What you need to do
Exactly as written, copy the lines that run from the start of the data below to the line containing "theory Submission imports Defs begin", both ends included.

Stored entries
(* Let $p$ be a prime, let $n\geqslant 2$ be an integer, let $m\geqslant 1$ be an integer and let $k\geqslant 2$ be an integer not divisible by $p$. For positive integers $a,r$ let $w(a,r)=\frac{1}{r}\sum_{d\mid r}\mu(d)\,a^{r/d}$, where $\mu$ is the Möbius function. For $i=0,1,\dots,m$ define $$a_i = \frac{w(n,p^{m-i}k)^{p^i}}{p^i\, w(n,p^mk)}.$$ Then: (i) for $i=2,3,\dots,m-1$, we have $a_i/a_{i-1}\leqslant 1$; (ii) $a_1 \leqslant 2/(p^{m-1}k)^{p-1}$ and $a_m \leqslant 2/k^{p^m-1}$. *)

theory Defs
  imports Complex_Main "HOL-Computational_Algebra.Squarefree"
begin

definition moebius_mu :: "nat \<Rightarrow> int" where
  "moebius_mu d = (if squarefree d then (-1) ^ card (prime_factors d) else 0)"

definition necklace_w :: "nat \<Rightarrow> nat \<Rightarrow> real" where
  "necklace_w a r = (1 / real r) * (\<Sum>d | d dvd r. real_of_int (moebius_mu d) * real a ^ (r div d))"

definition coeff_a :: "nat \<Rightarrow> nat \<Rightarrow> nat \<Rightarrow> nat \<Rightarrow> nat \<Rightarrow> real" where
  "coeff_a p n m k i =
     necklace_w n (p ^ (m - i) * k) ^ (p ^ i) / (real p ^ i * necklace_w n (p ^ m * k))"

end

theory Submission imports Defs begin

text \<open>
  Write \<open>S(n,r) = \<Sum>\<^sub>d\<^sub>|\<^sub>r \<mu>(d) n\<^bsup>r/d\<^esup>\<close>, so that \<open>w(n,r) = S(n,r)/r\<close>. If \<open>q\<close> is the least prime
  divisor of \<open>r\<close>, then \<open>S(n,r) = n\<^sup>r - n\<^bsup>r/q\<^esup> + T\<close>, where the exponents \<open>r/d\<close> in \<open>T\<close> are
  distinct and smaller than \<open>r/q\<close>, so \<open>|T| < n\<^bsup>r/q\<^esup>\<close>. Hence
  \<open>n\<^sup>r/(2r) \<le> w(n,r) \<le> n\<^sup>r/r\<close> for \<open>r \<ge> 3\<close>, and therefore
  \<open>w(n,L)\<^sup>P \<le> (n\<^sup>L/L)\<^sup>P = n\<^bsup>PL\<^esup>/L\<^sup>P \<le> (2P/L\<^bsup>P-1\<^esup>) w(n,PL)\<close>.
  With \<open>P = p\<close> this gives \<open>w(n,L)\<^sup>p \<le> w(n,pL)\<close> as soon as \<open>L \<ge> 2p\<close>, which makes
  \<open>a\<^sub>i\<close> decreasing; with \<open>P = p\<close>, \<open>L = p\<^bsup>m-1\<^esup>k\<close> and with \<open>P = p\<^sup>m\<close>, \<open>L = k\<close> it gives the
  two bounds of (ii).
\<close>

definition necklace_sum :: "nat \<Rightarrow> nat \<Rightarrow> real" where
  "necklace_sum a r = (\<Sum>d | d dvd r. real_of_int (moebius_mu d) * real a ^ (r div d))"

lemma necklace_w_eq_sum: "necklace_w a r = necklace_sum a r / real r"
  by (simp add: necklace_w_def necklace_sum_def)

lemma necklace_sum_Suc_0 [simp]: "necklace_sum a (Suc 0) = real a"
proof -
  have "{d. d dvd Suc 0} = {Suc 0}"
    by auto
  then show ?thesis
    by (simp add: necklace_sum_def moebius_mu_def)
qed

lemma moebius_mu_1: "moebius_mu 1 = 1"
  by (simp add: moebius_mu_def)

lemma moebius_mu_prime: "prime q \<Longrightarrow> moebius_mu q = -1"
  by (simp add: moebius_mu_def squarefree_prime prime_prime_factors)

lemma abs_moebius_mu_le: "\<bar>moebius_mu d\<bar> \<le> 1"
  by (simp add: moebius_mu_def)

lemma sum_power_lessThan_le:
  fixes x :: real
  assumes "x \<ge> 2"
  shows "(\<Sum>j<J. x ^ j) \<le> x ^ J - 1"
proof (induction J)
  case (Suc J)
  have "x ^ Suc J \<ge> 2 * x ^ J"
    using assms by (simp add: mult_right_mono)
  with Suc show ?case by simp
qed simp

lemma least_prime_divisor:
  fixes r :: nat
  assumes "r \<ge> 2"
  obtains q where "prime q" "q dvd r" "\<And>d. d dvd r \<Longrightarrow> 1 < d \<Longrightarrow> q \<le> d"
proof
  let ?P = "prime_factors r"
  have ne: "?P \<noteq> {}"
    using assms by (simp add: prime_factorization_empty_iff)
  show "prime (Min ?P)" "Min ?P dvd r"
    using Min_in[OF finite_set_mset ne] by auto
  fix d assume "d dvd r" "1 < d"
  then obtain p where "prime p" "p dvd d"
    using prime_factor_nat[of d] by auto
  with \<open>d dvd r\<close> assms have "p \<in> ?P"
    by (auto intro: prime_factorsI dvd_trans)
  then have "Min ?P \<le> p"
    by (rule Min_le[OF finite_set_mset])
  also have "p \<le> d"
    using \<open>p dvd d\<close> \<open>1 < d\<close> by (intro dvd_imp_le) auto
  finally show "Min ?P \<le> d" .
qed

lemma sum_power_quotients_le:
  fixes x :: real and r q :: nat
  assumes "x \<ge> 2" and "r > 0" and "q dvd r" and D: "D \<subseteq> {d. d dvd r \<and> q < d}"
  shows "(\<Sum>d\<in>D. x ^ (r div d)) \<le> x ^ (r div q) - 1"
proof -
  have inj: "inj_on (\<lambda>d. r div d) D"
  proof (rule inj_onI)
    fix a b assume "a \<in> D" "b \<in> D" "r div a = r div b"
    have "r = a * (r div a)"
      using \<open>a \<in> D\<close> D by auto
    moreover have "r = b * (r div a)"
      using \<open>b \<in> D\<close> D unfolding \<open>r div a = r div b\<close> by auto
    moreover have "r div a \<noteq> 0"
      using \<open>r = a * (r div a)\<close> \<open>r > 0\<close> by (metis mult_0_right less_irrefl)
    ultimately show "a = b"
      by (metis mult_right_cancel)
  qed
  have img: "(\<lambda>d. r div d) ` D \<subseteq> {..<r div q}"
  proof clarify
    fix d assume "d \<in> D"
    then have "q < d" and "r = d * (r div d)"
      using D by auto
    show "r div d < r div q"
    proof (rule ccontr)
      assume "\<not> r div d < r div q"
      then have "q * (r div q) < d * (r div d)"
        using \<open>q < d\<close> \<open>q dvd r\<close> \<open>r > 0\<close> by (intro mult_less_le_imp_less) auto
      then show False
        using \<open>q dvd r\<close> \<open>r = d * (r div d)\<close> by simp
    qed
  qed
  have "(\<Sum>d\<in>D. x ^ (r div d)) = (\<Sum>j\<in>(\<lambda>d. r div d) ` D. x ^ j)"
    by (simp add: sum.reindex[OF inj])
  also have "\<dots> \<le> (\<Sum>j<r div q. x ^ j)"
    using img \<open>x \<ge> 2\<close> by (intro sum_mono2) auto
  also have "\<dots> \<le> x ^ (r div q) - 1"
    using \<open>x \<ge> 2\<close> by (rule sum_power_lessThan_le)
  finally show ?thesis .
qed

lemma necklace_sum_approx:
  fixes n r q :: nat
  assumes n: "n \<ge> 2" and "r > 0" and q: "prime q" "q dvd r"
    and least: "\<And>d. d dvd r \<Longrightarrow> 1 < d \<Longrightarrow> q \<le> d"
  shows "\<bar>necklace_sum n r - (real n ^ r - real n ^ (r div q))\<bar> < real n ^ (r div q)"
proof -
  define D where "D = {d. d dvd r} - {1, q}"
  define f where "f d = real_of_int (moebius_mu d) * real n ^ (r div d)" for d
  have D: "D \<subseteq> {d. d dvd r \<and> q < d}"
  proof clarify
    fix d assume "d \<in> D"
    then have "d dvd r" and "d \<noteq> 1" and "d \<noteq> q"
      by (auto simp: D_def)
    moreover have "d \<noteq> 0"
      using \<open>d dvd r\<close> \<open>r > 0\<close> by auto
    ultimately show "d dvd r \<and> q < d"
      using least[of d] by auto
  qed
  have "finite D"
    using \<open>r > 0\<close> by (simp add: D_def)
  moreover have "{d. d dvd r} = insert 1 (insert q D)"
    using q(2) by (auto simp: D_def)
  moreover have "q \<noteq> 1" and "1 \<notin> D" and "q \<notin> D"
    using q(1) by (auto simp: D_def)
  ultimately have "necklace_sum n r = f 1 + f q + sum f D"
    unfolding necklace_sum_def f_def[symmetric] by simp
  also have "f 1 + f q = real n ^ r - real n ^ (r div q)"
    by (simp add: f_def moebius_mu_1 moebius_mu_prime[OF q(1)] del: One_nat_def)
  finally have split: "necklace_sum n r - (real n ^ r - real n ^ (r div q)) = sum f D"
    by simp
  have "\<bar>sum f D\<bar> \<le> (\<Sum>d\<in>D. real n ^ (r div d))"
    using abs_moebius_mu_le
    by (intro order.trans[OF sum_abs] sum_mono)
       (auto simp: f_def abs_mult mult_left_le_one_le of_int_abs[symmetric] simp del: of_int_abs)
  also have "\<dots> \<le> real n ^ (r div q) - 1"
    using n \<open>r > 0\<close> q(2) D by (intro sum_power_quotients_le) auto
  finally show ?thesis
    using split by simp
qed

lemma necklace_sum_bounds:
  fixes n r :: nat
  assumes "n \<ge> 2" and "r \<ge> 2"
  shows "necklace_sum n r < real n ^ r"
    and "real n ^ r - 2 * real n ^ (r div 2) < necklace_sum n r"
proof -
  obtain q where q: "prime q" "q dvd r" "\<And>d. d dvd r \<Longrightarrow> 1 < d \<Longrightarrow> q \<le> d"
    using least_prime_divisor[OF \<open>r \<ge> 2\<close>] by blast
  have approx: "\<bar>necklace_sum n r - (real n ^ r - real n ^ (r div q))\<bar> < real n ^ (r div q)"
    using assms q by (intro necklace_sum_approx) auto
  have "r div q \<le> r div 2"
    using prime_ge_2_nat[OF q(1)] by (intro div_le_mono2) auto
  then have "real n ^ (r div q) \<le> real n ^ (r div 2)"
    using assms by (intro power_increasing) auto
  with approx show "necklace_sum n r < real n ^ r"
    and "real n ^ r - 2 * real n ^ (r div 2) < necklace_sum n r"
    by (auto simp: abs_less_iff)
qed

lemma power_half_exponent_le:
  fixes x :: real
  assumes "x \<ge> 2"
  shows "2 ^ (r - r div 2) * x ^ (r div 2) \<le> x ^ r"
proof -
  have "x ^ r = x ^ (r - r div 2) * x ^ (r div 2)"
    by (simp flip: power_add)
  moreover have "2 ^ (r - r div 2) \<le> x ^ (r - r div 2)"
    using assms by (intro power_mono) auto
  ultimately show ?thesis
    using assms by (simp add: mult_right_mono)
qed

lemma necklace_w_pos:
  assumes "n \<ge> 2" and "r \<ge> 1"
  shows "0 < necklace_w n r"
proof (cases "r = 1")
  case False
  have "2 ^ 1 * real n ^ (r div 2) \<le> 2 ^ (r - r div 2) * real n ^ (r div 2)"
    using assms by (intro mult_right_mono power_increasing) auto
  also have "\<dots> \<le> real n ^ r"
    using assms by (intro power_half_exponent_le) auto
  finally have "0 < necklace_sum n r"
    using necklace_sum_bounds(2)[of n r] assms False by simp
  with assms show ?thesis
    by (simp add: necklace_w_eq_sum)
qed (use assms in \<open>simp add: necklace_w_eq_sum\<close>)

lemma necklace_w_le:
  assumes "n \<ge> 2"
  shows "necklace_w n r \<le> real n ^ r / real r"
proof -
  have "necklace_sum n r \<le> real n ^ r" if "r \<ge> 1"
    using that necklace_sum_bounds(1)[OF assms, of r] by (cases "r = 1") auto
  then show ?thesis
    by (cases "r = 0") (auto simp: necklace_w_eq_sum divide_right_mono)
qed

lemma necklace_w_ge:
  assumes "n \<ge> 2" and "r \<ge> 3"
  shows "real n ^ r / (2 * real r) \<le> necklace_w n r"
proof -
  have "2 ^ 2 * real n ^ (r div 2) \<le> 2 ^ (r - r div 2) * real n ^ (r div 2)"
    using assms by (intro mult_right_mono power_increasing) auto
  also have "\<dots> \<le> real n ^ r"
    using assms by (intro power_half_exponent_le) auto
  finally have "real n ^ r / 2 \<le> necklace_sum n r"
    using necklace_sum_bounds(2)[of n r] assms by simp
  with assms show ?thesis
    by (simp add: necklace_w_eq_sum field_simps)
qed

lemma necklace_w_power_ratio_le:
  assumes n: "n \<ge> 2" and "L \<ge> 1" and "P \<ge> 1" and "P * L \<ge> 3"
  shows "necklace_w n L ^ P / (real P * necklace_w n (P * L)) \<le> 2 / real L ^ (P - 1)"
proof -
  have L: "real L > 0" and P: "real P > 0" and x: "real n ^ (P * L) > 0"
    using assms by auto
  have "necklace_w n L ^ P / (real P * necklace_w n (P * L))
      \<le> (real n ^ L / real L) ^ P / (real P * (real n ^ (P * L) / (2 * real (P * L))))"
  proof (rule frac_le)
    show "necklace_w n L ^ P \<le> (real n ^ L / real L) ^ P"
      using assms by (intro power_mono necklace_w_le less_imp_le[OF necklace_w_pos]) auto
    show "real P * (real n ^ (P * L) / (2 * real (P * L))) \<le> real P * necklace_w n (P * L)"
      using assms by (intro mult_left_mono necklace_w_ge) auto
  qed (use L P x in auto)
  also have "\<dots> = 2 * real L / real L ^ P"
    using L P x by (simp add: power_divide field_simps flip: power_mult)
  also have "\<dots> = 2 / real L ^ (P - 1)"
    using L \<open>P \<ge> 1\<close> by (cases P) auto
  finally show ?thesis .
qed

lemma necklace_w_power_le:
  assumes "n \<ge> 2" and "P \<ge> 2" and "L \<ge> 2 * P"
  shows "necklace_w n L ^ P \<le> necklace_w n (P * L)"
proof -
  have w: "necklace_w n (P * L) > 0"
    using assms by (intro necklace_w_pos) auto
  have "P * L \<ge> 2 * 4"
    using assms by (intro mult_le_mono) auto
  then have "necklace_w n L ^ P / (real P * necklace_w n (P * L)) \<le> 2 / real L ^ (P - 1)"
    using assms by (intro necklace_w_power_ratio_le) auto
  also have "\<dots> \<le> 1 / real P"
  proof -
    have "2 * real P \<le> real L ^ 1"
      using assms by simp
    also have "\<dots> \<le> real L ^ (P - 1)"
      using assms by (intro power_increasing) auto
    finally show ?thesis
      using assms by (simp add: field_simps)
  qed
  finally have "necklace_w n L ^ P / (real P * necklace_w n (P * L)) \<le> 1 / real P" .
  with w assms show ?thesis
    by (simp add: field_simps)
qed

lemma coeff_a_pos:
  assumes "p > 0" and "n \<ge> 2" and "k > 0"
  shows "0 < coeff_a p n m k i"
  using assms by (simp add: coeff_a_def necklace_w_pos Suc_le_eq)

lemma coeff_a_Suc_le:
  assumes p: "p \<ge> 2" and n: "n \<ge> 2" and k: "k \<ge> 2" and "Suc i < m"
  shows "coeff_a p n m k (Suc i) \<le> coeff_a p n m k i"
proof -
  define L where "L = p ^ (m - Suc i) * k"
  define W where "W = necklace_w n (p ^ m * k)"
  have "m - i = Suc (m - Suc i)"
    using \<open>Suc i < m\<close> by simp
  then have pL: "p ^ (m - i) * k = p * L"
    by (simp add: L_def)
  have "p ^ 1 \<le> p ^ (m - Suc i)"
    using p \<open>Suc i < m\<close> by (intro power_increasing) auto
  then have "p * 2 \<le> L"
    unfolding L_def using k by (intro mult_le_mono) auto
  then have "necklace_w n L ^ p \<le> necklace_w n (p * L)"
    using n p by (intro necklace_w_power_le) simp_all
  moreover have "0 \<le> necklace_w n L ^ p"
    using n p k by (simp add: L_def necklace_w_pos less_imp_le)
  ultimately have "(necklace_w n L ^ p) ^ (p ^ i) \<le> necklace_w n (p * L) ^ (p ^ i)"
    by (rule power_mono)
  then have num: "necklace_w n L ^ (p ^ Suc i) \<le> necklace_w n (p * L) ^ (p ^ i)"
    by (simp add: power_mult)
  have "coeff_a p n m k (Suc i) = necklace_w n L ^ (p ^ Suc i) / (real p ^ Suc i * W)"
    by (simp add: coeff_a_def L_def W_def)
  also have "\<dots> \<le> necklace_w n (p * L) ^ (p ^ i) / (real p ^ i * W)"
  proof (rule frac_le)
    show "real p ^ i * W \<le> real p ^ Suc i * W"
      using p n k by (simp add: W_def necklace_w_pos less_imp_le)
  qed (use num p n k in \<open>auto simp: W_def L_def necklace_w_pos less_imp_le\<close>)
  also have "\<dots> = coeff_a p n m k i"
    by (simp add: coeff_a_def W_def pL)
  finally show ?thesis .
qed

theorem corollary2p4:
  fixes p n m k :: nat
  assumes "prime p" and "n \<ge> 2" and "m \<ge> 1" and "k \<ge> 2" and "\<not> p dvd k"
  shows "(\<forall>i\<in>{2..m-1}. coeff_a p n m k i / coeff_a p n m k (i - 1) \<le> 1)
       \<and> coeff_a p n m k 1 \<le> 2 / (real (p ^ (m - 1) * k)) ^ (p - 1)
       \<and> coeff_a p n m k m \<le> 2 / (real k) ^ (p ^ m - 1)"
proof (intro conjI ballI)
  have p: "p \<ge> 2"
    using \<open>prime p\<close> by (rule prime_ge_2_nat)
  have pm: "p ^ m = p * p ^ (m - 1)"
    using \<open>m \<ge> 1\<close> by (cases m) auto
  have "p \<le> p ^ m"
    using p \<open>m \<ge> 1\<close> by (intro self_le_power) auto
  then have "p ^ m * k \<ge> 2 * 2"
    using p \<open>k \<ge> 2\<close> by (intro mult_le_mono) auto
  then show "coeff_a p n m k m \<le> 2 / real k ^ (p ^ m - 1)"
    using necklace_w_power_ratio_le[of n k "p ^ m"] assms p by (simp add: coeff_a_def)
  from \<open>p ^ m * k \<ge> 2 * 2\<close> show "coeff_a p n m k 1 \<le> 2 / real (p ^ (m - 1) * k) ^ (p - 1)"
    using necklace_w_power_ratio_le[of n "p ^ (m - 1) * k" p] assms p
    by (simp add: coeff_a_def pm mult.assoc)
  fix i assume "i \<in> {2..m-1}"
  then have "coeff_a p n m k (Suc (i - 1)) \<le> coeff_a p n m k (i - 1)"
    using p assms by (intro coeff_a_Suc_le) auto
  moreover have "0 < coeff_a p n m k (i - 1)"
    using p assms by (intro coeff_a_pos) auto
  ultimately show "coeff_a p n m k i / coeff_a p n m k (i - 1) \<le> 1"
    using \<open>i \<in> {2..m-1}\<close> by simp
qed

end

Task result
(* Let $p$ be a prime, let $n\geqslant 2$ be an integer, let $m\geqslant 1$ be an integer and let $k\geqslant 2$ be an integer not divisible by $p$. For positive integers $a,r$ let $w(a,r)=\frac{1}{r}\sum_{d\mid r}\mu(d)\,a^{r/d}$, where $\mu$ is the Möbius function. For $i=0,1,\dots,m$ define $$a_i = \frac{w(n,p^{m-i}k)^{p^i}}{p^i\, w(n,p^mk)}.$$ Then: (i) for $i=2,3,\dots,m-1$, we have $a_i/a_{i-1}\leqslant 1$; (ii) $a_1 \leqslant 2/(p^{m-1}k)^{p-1}$ and $a_m \leqslant 2/k^{p^m-1}$. *)

theory Defs
  imports Complex_Main "HOL-Computational_Algebra.Squarefree"
begin

definition moebius_mu :: "nat \<Rightarrow> int" where
  "moebius_mu d = (if squarefree d then (-1) ^ card (prime_factors d) else 0)"

definition necklace_w :: "nat \<Rightarrow> nat \<Rightarrow> real" where
  "necklace_w a r = (1 / real r) * (\<Sum>d | d dvd r. real_of_int (moebius_mu d) * real a ^ (r div d))"

definition coeff_a :: "nat \<Rightarrow> nat \<Rightarrow> nat \<Rightarrow> nat \<Rightarrow> nat \<Rightarrow> real" where
  "coeff_a p n m k i =
     necklace_w n (p ^ (m - i) * k) ^ (p ^ i) / (real p ^ i * necklace_w n (p ^ m * k))"

end

theory Submission imports Defs begin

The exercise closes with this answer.